_WORK TASK_
Set down the material exactly as given, please, from its first line through the line that includes "using zwe \<gamma> cocycle_homog by auto".

_GIVEN DATA_
lemma in_indeterminacy_change_right:
  assumes a: "homog A a" and c: "homog A c" and \<gamma>: "homog A \<gamma>" "fst \<gamma> = fst c - 1"
    and X: "in_indeterminacy A a (gadd A c (gdiff A \<gamma>)) X"
  shows "in_indeterminacy A a c X"
proof -
  obtain z w e where zwe: "cocycle A z" "cocycle A w" "homog A e" "fst a + fst z = fst X"
      "fst w + fst c = fst X" "fst e + 1 = fst X"
      "X = gadd A (gadd A (gmul A a z) (gmul A w (gadd A c (gdiff A \<gamma>)))) (gdiff A e)"
    using X by (auto elim: in_indeterminacyE)
  let ?E = "gscale A (psign (fst w)) (gmul A w \<gamma>)"
  have h: "homog A z" "homog A w" "homog A ?E" "fst e = fst w + fst \<gamma>"
    using zwe \<gamma> cocycle_homog by auto
  have "X = gadd A (gadd A (gmul A a z) (gadd A (gmul A w c) (gdiff A ?E))) (gdiff A e)"
    using zwe(7) c \<gamma> h gmul_cocycle_gdiff[OF zwe(2) \<gamma>(1)] by simp
  also have "\<dots> = gadd A (gadd A (gmul A a z) (gmul A w c)) (gadd A (gdiff A ?E) (gdiff A e))"
    using a c h zwe(3,4,5) \<gamma>(2) by (simp add: gadd_ac)
  also have "\<dots> = gadd A (gadd A (gmul A a z) (gmul A w c)) (gdiff A (gadd A ?E e))"
    using h zwe(3) by simp
  finally have "X = \<dots>" .
  moreover have "in_indeterminacy A a c \<dots>"
    using \<gamma> zwe h by (intro in_indeterminacyI a c) auto
  ultimately show ?thesis by simp
qed

lemma massey_rep_cocycle:
  assumes "cocycle A a" "cocycle A b" "cocycle A c" "defining_system A a b c u v"
  shows "cocycle A (massey_rep A a c u v)"
proof -
  have "homog A u" "homog A v" "gdiff A u = gmul A a b" "gdiff A v = gmul A b c"
    "fst u = fst a + fst b - 1" "fst v = fst b + fst c - 1"
    using assms(4) defining_system_degrees unfolding defining_system_def by blast+
  then show ?thesis
    using assms(1-3) cocycle_homog unfolding cocycle_def massey_rep_def
    by (simp add: gdiff_gmul cocycle_gdiff_eq gadd_neg)
qed

lemma massey_rep_gadd:
  assumes "homog A a" "homog A c" "homog A u" "homog A v" "homog A u0" "homog A v0"
    "fst u0 = fst u" "fst v0 = fst v" "fst u + fst c = fst a + fst v"
  shows "massey_rep A a c (gadd A u u0) (gadd A v v0)
    = gadd A (massey_rep A a c u v) (gadd A (gmul A u0 c) (gscale A (- psign (fst a)) (gmul A a v0)))"
  using assms unfolding massey_rep_def by (simp add: gadd_ac)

_TASK RESPONSE_
lemma in_indeterminacy_change_right:
  assumes a: "homog A a" and c: "homog A c" and \<gamma>: "homog A \<gamma>" "fst \<gamma> = fst c - 1"
    and X: "in_indeterminacy A a (gadd A c (gdiff A \<gamma>)) X"
  shows "in_indeterminacy A a c X"
proof -
  obtain z w e where zwe: "cocycle A z" "cocycle A w" "homog A e" "fst a + fst z = fst X"
      "fst w + fst c = fst X" "fst e + 1 = fst X"
      "X = gadd A (gadd A (gmul A a z) (gmul A w (gadd A c (gdiff A \<gamma>)))) (gdiff A e)"
    using X by (auto elim: in_indeterminacyE)
  let ?E = "gscale A (psign (fst w)) (gmul A w \<gamma>)"
  have h: "homog A z" "homog A w" "homog A ?E" "fst e = fst w + fst \<gamma>"
    using zwe \<gamma> cocycle_homog by auto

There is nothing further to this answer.